Opinion
No. 6483
February 23, 1972
Appeal from Second Judicial District Court, Washoe County; Grant L. Bowen, Judge.
H. Dale Murphy, Washoe County Public Defender, for Appellant.
Robert List, Attorney General, of Carson City; Robert Rose, District Attorney, and Kathleen M. Wall, Deputy District Attorney, Washoe County, for Respondent.
OPINION
April 22, 1968, appellant withdrew his prior "not guilty" plea, and pleaded guilty to an information charging robbery. April 23, he withdrew his "not guilty" plea and pleaded guilty to an information concerning a later incident, charging attempted robbery and assault with a deadly weapon. Simultaneously the State, obviously as the result of plea bargaining, moved for dismissal of habitual criminal charges alleging prior felonies in enhancement of penalty. The court dismissed the habitual charges, and subsequently imposed "consecutive" sentences of 10, 3 and 6 years on the principal charges, expressing belief and intent that appellant would be allowed to earn early parole consideration. Counsel for the State at no time suggested that the court misunderstood the effect contemplated by dismissal of the "habitual" charges. Prison authorities thereafter advised appellant that he is ineligible for parole; he then sought post-conviction relief, which a different judge of the district court denied; hence, this appeal.

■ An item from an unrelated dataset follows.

(* Assume the vector variational inequality defined by $F$ and $K$ is monotone. (a) If $\mathcal{A}$ is a bounded connected component of $\mathrm{Sol}^w(F,K)$, then $S^{-1}(\mathcal{A})=\{\xi\in\Delta:S(\xi)\cap\mathcal{A}\neq\emptyset\}$ is open in the induced topology of $\Delta$. (b) If $\mathcal{A}$ is a bounded connected component of $\mathrm{Sol}^{pr}(F,K)$, then $\{\xi\in\operatorname{ri}\Delta:S(\xi)\cap\mathcal{A}\neq\emptyset\}$ is open in the induced topology of $\operatorname{ri}\Delta$.
   Context: Let $K\subset\mathbb{R}^n$ be a nonempty closed convex set and $F_1,\dots,F_m:K\to\mathbb{R}^n$ continuous functions; write $F=(F_1,\dots,F_m)$ and $F(x)(u)=(\langle F_1(x),u\rangle,\dots,\langle F_m(x),u\rangle)$. The problem is monotone if each $F_l$ is monotone on $K$: $\langle F_l(y)-F_l(x),y-x\rangle\ge0$ for all $x,y\in K$. Let $\Delta=\{\xi\in\mathbb{R}^m_+ : \sum_l\xi_l=1\}$, $\operatorname{ri}\Delta=\{\xi\in\Delta:\xi_l>0,\ l=1,\dots,m\}$, and $F_\xi=\sum_l\xi_lF_l$. For $G:K\to\mathbb{R}^n$, $\mathrm{Sol}(G,K)=\{x\in K:\langle G(x),y-x\rangle\ge0\ \forall y\in K\}$. The weak Pareto solution set $\mathrm{Sol}^w(F,K)$ is the set of $x\in K$ with $F(x)(x-y)\notin\operatorname{int}\mathbb{R}^m_+$ for all $y\in K$; it is known that $\mathrm{Sol}^w(F,K)=\bigcup_{\xi\in\Delta}\mathrm{Sol}(F_\xi,K)$. The proper Pareto solution set is $\mathrm{Sol}^{pr}(F,K)=\bigcup_{\xi\in\operatorname{ri}\Delta}\mathrm{Sol}(F_\xi,K)$. The basic multifunction is $S(\xi)=\mathrm{Sol}(F_\xi,K)$ for $\xi\in\Delta$. *)

theory Defs
  imports "HOL-Analysis.Analysis"
begin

When sentencing appellant, Judge Craven stated: "Now, the sentences I intend to impose will be consecutive; but, as a practical matter, it isn't going to make any difference because it is going to be entirely up to the parole board. . . ." While a psychiatric evaluation tendered as part of the pre-sentence report suggested appellant be allowed to earn early parole consideration, Judge Craven clearly chose to impose consecutive rather than concurrent sentences, to vest the parole board with maximum future control.
1. Appellant contends he is entitled to plead anew, simply because the court accepted his pleas without requisite inquiry to establish them intelligent and voluntary. Boykin v. Alabama, 395 U.S. 238 (1969); Higby v. Sheriff, 86 Nev. 774, 476 P.2d 959 (1970). This contention has no merit, for appellant's pleas were accepted before the U.S. Supreme Court announced the doctrine of Boykin, which in our view is not retroactive. Mathis v. Warden, 86 Nev. 439, 471 P.2d 233
(1970); Anushevitz v. Warden, 86 Nev. 191, 467 P.2d 115 (1970).

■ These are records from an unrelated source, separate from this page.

lemma even_potential_across_edge:
  assumes "simple_graph V E" and weight_sym: "\<forall>u v. E u v \<longrightarrow> w u v = w v u"
    and odd_cycles: "\<forall>c. is_cycle V E c \<and> odd (cycle_weight w c) \<longrightarrow> B \<le> cycle_weight w c"
    and "geodesic V E w P" and "p \<le> q" and "q < length P"
    and Rx: "walk_between V E x (P ! p) Rx" and Ry: "walk_between V E y (P ! q) Ry"
    and "E x y" and short: "2 * (path_weight w Rx + path_weight w Ry + w x y) < B"
  shows "even (w x y + (path_weight w Rx + path_weight w (take (Suc p) P))
                   + (path_weight w Ry + path_weight w (take (Suc q) P)))"
proof -
  let ?seg = "drop p (take (Suc q) P)"
  have E_sym: "symp E"
    using assms(1) by (rule simple_graph_symp)
  have seg: "walk_between V E (P ! p) (P ! q) ?seg"
    using assms(4-6) by (intro walk_between_segment) (auto simp: geodesic_def)
  have Rx_rev: "walk_between V E (P ! p) x (rev Rx)"
    using E_sym Rx by (rule walk_between_rev)
  have "walk_between V E (P ! p) (P ! q) (rev Rx @ Ry)"
    using Rx_rev Ry \<open>E x y\<close> by (rule walk_between_append_edge)
  moreover have "path_weight w (rev Rx @ Ry) = path_weight w Rx + w x y + path_weight w Ry"
    using Rx Ry Rx_rev path_weight_rev[OF weight_sym, of Rx]
    by (auto simp: walk_between_def path_weight_append)
  ultimately have seg_short: "path_weight w ?seg \<le> path_weight w Rx + w x y + path_weight w Ry"
    using geodesic_segment_le_walk[OF assms(4-6)] by metis
  define C where "C = Rx @ tl (?seg @ tl (rev Ry))"
  have seg_Ry: "walk_between V E (P ! p) y (?seg @ tl (rev Ry))"
    using seg walk_between_rev[OF E_sym Ry] by (rule walk_between_append_tl)
  have C: "walk_between V E x y C"
    unfolding C_def using Rx seg_Ry by (rule walk_between_append_tl)
  have weight_C: "cycle_weight w C = path_weight w Rx + path_weight w ?seg + path_weight w Ry + w x y"
    using C path_weight_walk_between_append_tl[OF Rx seg_Ry]
      path_weight_walk_between_append_tl[OF seg walk_between_rev[OF E_sym Ry]]
      path_weight_rev[OF weight_sym, of Ry] Ry weight_sym \<open>E x y\<close> sympD[OF E_sym \<open>E x y\<close>]
    by (simp add: C_def cycle_weight_def walk_between_def)
  have even_C: "even (cycle_weight w C)"
  proof -
    have "\<not> B \<le> cycle_weight w C"
      using weight_C seg_short short by arith
    then show ?thesis
      using odd_closed_walk_weight_ge[OF assms(1) weight_sym odd_cycles C sympD[OF E_sym \<open>E x y\<close>]]
      by blast
  qed
  have "path_weight w (take (Suc q) P) = path_weight w (take (Suc p) P) + path_weight w ?seg"
    using path_weight_split_nth[of p "take (Suc q) P" w] assms(5,6) by (simp add: min_def)
  then have "w x y + (path_weight w Rx + path_weight w (take (Suc p) P))
      + (path_weight w Ry + path_weight w (take (Suc q) P))
      = cycle_weight w C + 2 * path_weight w (take (Suc p) P)"
    using weight_C by simp
  then show ?thesis
    using even_C by (metis dvd_add dvd_triv_left)
qed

2. Appellant further seeks the right to re-plead, or to be resentenced, because the sentencing judge supposedly was unaware that under NRS 176.035 an inmate serving the first of two or more consecutive sentences cannot be paroled from it to begin serving a subsequent sentence. In support of the premise that NRS 176.035 precludes such paroles, appellant cites an opinion of our Attorney General (Op. Att'y Gen. No. 578, 1969); however, we believe Judge Craven, rather than the Attorney General's deputy, has correctly construed NRS 176.035(2), which merely recites rules to determine the intent of the sentencing judge, and does not limit his power or that of the parole board.
"NRS 176.035 Conviction of two or more offenses; concurrent and consecutive sentences.
3. Appellant further seeks the right to re-plead, or to be resentenced, because the court assertedly was unaware NRS 213.110 precludes parole to persons who have "previously been more than three times convicted of a felony and served a term in a penal institution." Again, we disagree with appellant's premise. By the express terms of NRS 213.110, only paroles outside the prison's buildings and enclosures are precluded to persons stigmatized by that statute. The sentencing judge apparently recognized that appellant might properly be paroled from one sentence to another, so long as he remained within the prison, and his advice to petitioner in this regard was correct.
Petitioner may, of course, challenge the constitutional validity of his prior convictions as suggested in Eisentrager v. State Bd. Parole, 85 Nev. 672, 462 P.2d 40 (1969), and thereby seek eligibility for outside parole.
We affirm the order denying appellant post-conviction relief, with the expectation that appellant will be allowed parole consideration in conformity with law, as the sentencing court apparently contemplated.
In its Answering Brief, the State says it "would concur" in our resolving this case by assuming the sentencing judge was ignorant of NRS 213.110, and adjusting appellant's sentences to run concurrently. Respect for the sentencing court, and for its determination that consecutive sentences will best enable the parole board to protect the public, impels us to decide the court correctly interpreted the intended effect of the dismissals sought by the State.
ZENOFF, C.J., and BATJER, MOWBRAY, and THOMPSON, JJ., concur.